Relying only on her sense of touch, Laura learned language skills and through her own intelligence and will communicated her thoughts on religion, philosophy, sex, and  the rights of handicapped people.  At the Perkins Institute, Laura was taken in by its founder the educator Samuel Gridley Howe. At times, Howe was her champion. At times, he used her to advance his own priorities.   Howe was married to the poet, suffragette, abolitionist and author, Julia Ward Howe.


This first novel is thought-provoking. Peopled with characters from real life such as Charles Sumner, John Brown, Charles Dickens, Dorothea Dix and Julia Ward Howe, this book gives great insight into Victorian era  America the author takes a great deal of literary license with Laura's inner thoughts and feelings, bur she explains her reasoning very well. More importantly, it really makes the reader think about the disable and how we treat them.  Do we allow handicapped people the human dignity make their own decisions? Can we see past the handicap and see the person inside?


For book discussion groups looking for an historical fiction, this book would be an excellent choice because it would generate a very meaningful discussion.



Wednesday, June 18, 2014

Alan Furst brings us another one - Midnight in Europe

Alan Furst, author of over a dozen historical spy novels, has brought us a new one.  Furst often starts at the Spanish Civil War which was a rehearsal for Nazi Germany.  In his latest novel, Midnight in Europe,  Furst  takes us through Europe in the years immediately preceding the invasion of Poland.  As stated by Sir Edmond Grey, British Foreign Secretary in 1914, "The lamps are going out all over Europe." Furst takes this quote as the theme of his book in which people and places are not what they seem and the treat of war is almost palpable.  Ordinary people such as the protagonist, Christian Ferrar, an international attorney, are drawn into the dangerous game of espionage and weapons smuggling in order to protect what is still honorable. 
Anyone taking one of those Europeans river cruises should read Alan Furst.  His scenes in cities such as Istanbul, Warsaw, Gdansk and Brno give a unique insight into Europe then and now.

Wednesday, June 4, 2014

Two little known, but extraordinary women- The Invention of Wings

When we think of abolitionists, we remember some familiar names from our history books - William Lloyd Garrison, Frederick Douglass, Sojourner Truth, Harriet Beecher Stowe, Robert Gould Shaw and the Massachusetts 54th, Bronson Alcott(father of Louisa May).  Of these folks who were white, they were all upper class, Northeast liberals. However,  two women from South Carolina, Sarah and Angelina Grimke, who were born into a wealthy slave-owning family came to abhor the South's "peculiar institution."  These two remarkable sisters opposed their family, friends and society to speak their conscience about the evils of slavery which they personally witnessed.  Moreover, they campaigned for the abolition of slavery, racial equality and women's rights years before Seneca Falls!

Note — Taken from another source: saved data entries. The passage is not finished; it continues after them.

definition row_of :: "(nat \<Rightarrow> bool) \<Rightarrow> row" where
  "row_of f = R (f 0) (f 1) (f 2) (f 3) (f 4)"

definition zero_row :: row where
  "zero_row = R False False False False False"

definition word_row :: "(nat \<times> nat) set \<Rightarrow> nat \<Rightarrow> row" where
  "word_row U i = row_of (\<lambda>j. (i, j) \<in> U)"

definition row_above :: "(nat \<times> nat) set \<Rightarrow> nat \<Rightarrow> row" where
  "row_above U i = (if i = 0 then zero_row else word_row U (i - 1))"

definition hdegree :: "row \<Rightarrow> nat \<Rightarrow> nat" where
  "hdegree r j = of_bool (0 < j \<and> cell r (j - 1)) + of_bool (cell r (Suc j))"

fun weight :: "row \<Rightarrow> int" where
  "weight (R a b c d e) = 2 * (of_bool a + of_bool b + of_bool c + of_bool d) + of_bool e"

lemma all_less_5: "(\<forall>j<5. P j) \<longleftrightarrow> P 0 \<and> P 1 \<and> P 2 \<and> P 3 \<and> P (4::nat)"
  by (auto simp: less_Suc_eq numeral_eq_Suc)

lemma all_row_iff: "(\<forall>r. P r) \<longleftrightarrow> (\<forall>a b c d e. P (R a b c d e))"
  by (metis row.exhaust)

lemma cell_row_of [simp]: "cell (row_of f) j \<longleftrightarrow> j < 5 \<and> f j"
  by (auto simp: row_of_def eval_nat_numeral less_Suc_eq)

lemma cell_zero_row [simp]: "\<not> cell zero_row j"
  by (simp add: zero_row_def)

lemma cell_less_5: "cell r j \<Longrightarrow> j < 5"
  by (cases r) auto

definition window_ok :: "row \<Rightarrow> row \<Rightarrow> row \<Rightarrow> bool" where
  "window_ok p c n \<longleftrightarrow>
     (\<forall>j<5. cell c j \<longrightarrow> of_bool (cell p j) + hdegree c j + of_bool (cell n j) \<le> 2)"

lemma degree_word_row:
  assumes "U \<subseteq> UNIV \<times> {..<5}"
  shows "degree U (i, j) =
    of_bool (cell (row_above U i) j) + hdegree (word_row U i) j + of_bool (cell (word_row U (Suc i)) j)"
proof -
  have mem: "(a, b) \<in> U \<longleftrightarrow> cell (word_row U a) b" for a b
    using assms by (auto simp: word_row_def)
  show ?thesis
    by (cases i) (simp_all add: degree_eq mem hdegree_def row_above_def ac_simps)
qed

lemma degree_le_2_iff_window_ok:
  assumes "U \<subseteq> UNIV \<times> {..<5}"
  shows "(\<forall>x\<in>U. degree U x \<le> 2) \<longleftrightarrow>
    (\<forall>i. window_ok (row_above U i) (word_row U i) (word_row U (Suc i)))"
proof -
  have mem: "(i, j) \<in> U \<longleftrightarrow> cell (word_row U i) j" for i j
    using assms by (auto simp: word_row_def)
  have "(\<forall>x\<in>U. degree U x \<le> 2) \<longleftrightarrow> (\<forall>i j. cell (word_row U i) j \<longrightarrow> degree U (i, j) \<le> 2)"
    by (auto simp: mem[symmetric])
  then show ?thesis
    using cell_less_5 by (auto simp: window_ok_def degree_word_row[OF assms])
qed

definition saturated :: "row \<Rightarrow> row \<Rightarrow> row" where
  "saturated p c = row_of (\<lambda>j. cell c j \<and> 2 \<le> of_bool (cell p j) + hdegree c j)"

definition admissible :: "row \<Rightarrow> row \<Rightarrow> row \<Rightarrow> bool" where
  "admissible c s n \<longleftrightarrow> (\<forall>j<5. cell c j \<and> cell n j \<longrightarrow> \<not> cell s j \<and> hdegree n j \<le> 1)"

lemma window_ok_admissible:
  assumes "window_ok p c n" and "window_ok c n m"
  shows "admissible c (saturated p c) n"
  using assms unfolding window_ok_def admissible_def saturated_def by fastforce

lemma saturated_R:
  "saturated (R p0 p1 p2 p3 p4) (R c0 c1 c2 c3 c4) =
     R (c0 \<and> p0 \<and> c1) (c1 \<and> (p1 \<and> (c0 \<or> c2) \<or> c0 \<and> c2)) (c2 \<and> (p2 \<and> (c1 \<or> c3) \<or> c1 \<and> c3))
       (c3 \<and> (p3 \<and> (c2 \<or> c4) \<or> c2 \<and> c4)) (c4 \<and> p4 \<and> c3)"
  by (simp add: saturated_def row_of_def hdegree_def)

lemma admissible_R:
  "admissible (R c0 c1 c2 c3 c4) (R s0 s1 s2 s3 s4) (R n0 n1 n2 n3 n4) \<longleftrightarrow>
     (c0 \<and> n0 \<longrightarrow> \<not> s0) \<and> (c1 \<and> n1 \<longrightarrow> \<not> s1 \<and> \<not> (n0 \<and> n2)) \<and>
     (c2 \<and> n2 \<longrightarrow> \<not> s2 \<and> \<not> (n1 \<and> n3)) \<and> (c3 \<and> n3 \<longrightarrow> \<not> s3 \<and> \<not> (n2 \<and> n4)) \<and>
     (c4 \<and> n4 \<longrightarrow> \<not> s4)"
  by (simp add: admissible_def hdegree_def all_less_5)

lemma potential_walk_bound:
  fixes pot :: "nat \<Rightarrow> 's \<Rightarrow> int option" and w :: "nat \<Rightarrow> int"
  assumes start: "pot 0 (x 0) = Some v0"
    and step: "\<And>i v. pot i (x i) = Some v \<Longrightarrow> \<exists>v'. pot (Suc i) (x (Suc i)) = Some v' \<and> v + w i \<le> v' + c"
  shows "\<exists>v. pot n (x n) = Some v \<and> v0 + (\<Sum>i<n. w i) \<le> v + c * int n"
proof (induction n)
  case 0
  show ?case using start by simp
next
  case (Suc n)
  then obtain v where v: "pot n (x n) = Some v" "v0 + (\<Sum>i<n. w i) \<le> v + c * int n"
    by blast
  with step obtain v' where "pot (Suc n) (x (Suc n)) = Some v'" "v + w n \<le> v' + c"
    by blast
  with v show ?case
    by (auto simp: algebra_simps)
qed
(* Every path-connected almost totally disconnected compact space is a Corson compact, i.e. is homeomorphic to a subspace of $\Sigma[0,1]^\Gamma$ for some set $\Gamma$.
   Context: For a set $\Gamma$, $\Sigma[0,1]^\Gamma$ is the subspace of $[0,1]^\Gamma$ (product topology) of points with countable support (i.e. $x_\gamma\neq0$ for only countably many $\gamma$), and $\Sigma_0^1[0,1]^\Gamma$ is the subspace of $[0,1]^\Gamma$ consisting of those $x$ with $x_\gamma\in\{0,1\}$ for all but countably many $\gamma$. A compact space is almost totally disconnected if it is homeomorphic to a subspace of $\Sigma_0^1[0,1]^\Gamma$ for some set $\Gamma$. *)

theory Defs
  imports "HOL-Analysis.Analysis"
begin

text \<open>The cube [0,1]^Gamma with the product topology (points are extensional
  functions on Gamma, as in the library's product_topology).\<close>
definition cube_top :: "'i set \<Rightarrow> ('i \<Rightarrow> real) topology" where
  "cube_top \<Gamma> = product_topology (\<lambda>_. top_of_set {0..1::real}) \<Gamma>"

definition Sigma_cube :: "'i set \<Rightarrow> ('i \<Rightarrow> real) set" where
  "Sigma_cube \<Gamma> = {x \<in> topspace (cube_top \<Gamma>). countable {\<gamma>\<in>\<Gamma>. x \<gamma> \<noteq> 0}}"

definition Sigma01_cube :: "'i set \<Rightarrow> ('i \<Rightarrow> real) set" where
  "Sigma01_cube \<Gamma> = {x \<in> topspace (cube_top \<Gamma>). countable {\<gamma>\<in>\<Gamma>. x \<gamma> \<notin> {0,1}}}"

text \<open>The index set Gamma is taken in the type 'a set (subsets of points of X), which is
  large enough to index a base of X, so no generality is lost.\<close>
definition corson_compact :: "'a topology \<Rightarrow> bool" where
  "corson_compact X \<longleftrightarrow> compact_space X \<and>
     (\<exists>(\<Gamma>::'a set set) A. A \<subseteq> Sigma_cube \<Gamma> \<and>
        X homeomorphic_space subtopology (cube_top \<Gamma>) A)"

end

theory Submission imports Defs begin
lemma risk_perturb_le:
  fixes d s p P lam :: real
  defines "g \<equiv> \<lambda>x. s * (d - 1) - s\<^sup>2 + 2 * s * x - d * x\<^sup>2"
  assumes "d > 1" "lam > 0" "d * p - s > 0" "P \<le> p"
    and gap: "d * (p - P) \<le> lam / (1 + lam) * (d * p - s)"
    and gap_mult: "(p - P) * (d * p - s) \<le> lam * g p"
  shows "d * P - s > 0" "risk d s P \<le> (1 + 4 * lam + 5 * lam\<^sup>2 + 2 * lam ^ 3) * risk d s p"
proof -
  define A A' where "A = d * p - s" and "A' = d * P - s"
  have "A / (1 + lam) = A - lam / (1 + lam) * A"
    using \<open>lam > 0\<close> by (simp add: field_simps)
  moreover have "A' = A - d * (p - P)"
    unfolding A_def A'_def by (simp add: algebra_simps)
  ultimately have A'_ge: "A / (1 + lam) \<le> A'"
    using gap unfolding A_def by linarith
  moreover have A_div_pos: "A / (1 + lam) > 0"
    using assms unfolding A_def by simp
  ultimately have A'_pos: "A' > 0"
    by linarith
  then show "d * P - s > 0"
    unfolding A'_def .
  have "0 \<le> (p - P) * (d * p - s)"
    using assms by simp
  then have "0 \<le> lam * g p"
    using gap_mult by linarith
  then have gp_nonneg: "g p \<ge> 0"
    using \<open>lam > 0\<close> by (simp add: zero_le_mult_iff)
  have "g P - g p = (p - P) * (d * (p + P) - 2 * s)"
    unfolding g_def by (simp add: algebra_simps power2_eq_square)
  also have "\<dots> \<le> (p - P) * (2 * A)"
    unfolding A_def using assms by (intro mult_left_mono) auto
  finally have gP: "g P \<le> (1 + 2 * lam) * g p"
    using gap_mult unfolding A_def by (simp add: algebra_simps)
  have "(A / (1 + lam))\<^sup>2 \<le> A'\<^sup>2"
    using A'_ge A_div_pos by (intro power_mono) auto
  then have "1 / A'\<^sup>2 \<le> 1 / (A / (1 + lam))\<^sup>2"
    using A_div_pos A'_pos by (intro divide_left_mono mult_pos_pos) auto
  then have inv_sq: "1 / A'\<^sup>2 \<le> (1 + lam)\<^sup>2 / A\<^sup>2"
    by (simp add: power_divide)
  have "risk d s P = (d - 1) * g P * (1 / A'\<^sup>2)"
    unfolding risk_def g_def A'_def by simp
  also have "\<dots> \<le> (d - 1) * ((1 + 2 * lam) * g p) * ((1 + lam)\<^sup>2 / A\<^sup>2)"
    using assms gP gp_nonneg inv_sq
    by (intro mult_mono mult_left_mono) (auto intro!: mult_nonneg_nonneg)
  also have "\<dots> = (1 + 4 * lam + 5 * lam\<^sup>2 + 2 * lam ^ 3) * risk d s p"
    unfolding risk_def g_def A_def by (simp add: field_simps power2_eq_square power3_eq_cube)
  finally show "risk d s P \<le> (1 + 4 * lam + 5 * lam\<^sup>2 + 2 * lam ^ 3) * risk d s p" .
qed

In her latest novel, The Invention of  Wings,Sue Monk Kidd, author of the Secret Life of Bees and The Mermaid Chair,  gives voice to the Grimke sisters as well as a fictionalized slave who was given to Sarah Grimke as a birthday gift on her eleventh birthday. In beautifully written dialog, Kidde brings to the page a woman born into slavery who managed to survive a brutal system which divided families and dehumanized both  the slave and the slave owner. Kidd also uses the quilts often made by slave women to tell their stories, several of which are currently on display in Washington and Boston.  Denmark Vesey, a freed slave, who organized one of the few documented slave revolts is also a character in this book.


All in all, this is an eye-opening book, which is difficult to put down.  This would be an excellent choice for a book discussion group and I hope Hollywood starts working on a movie version.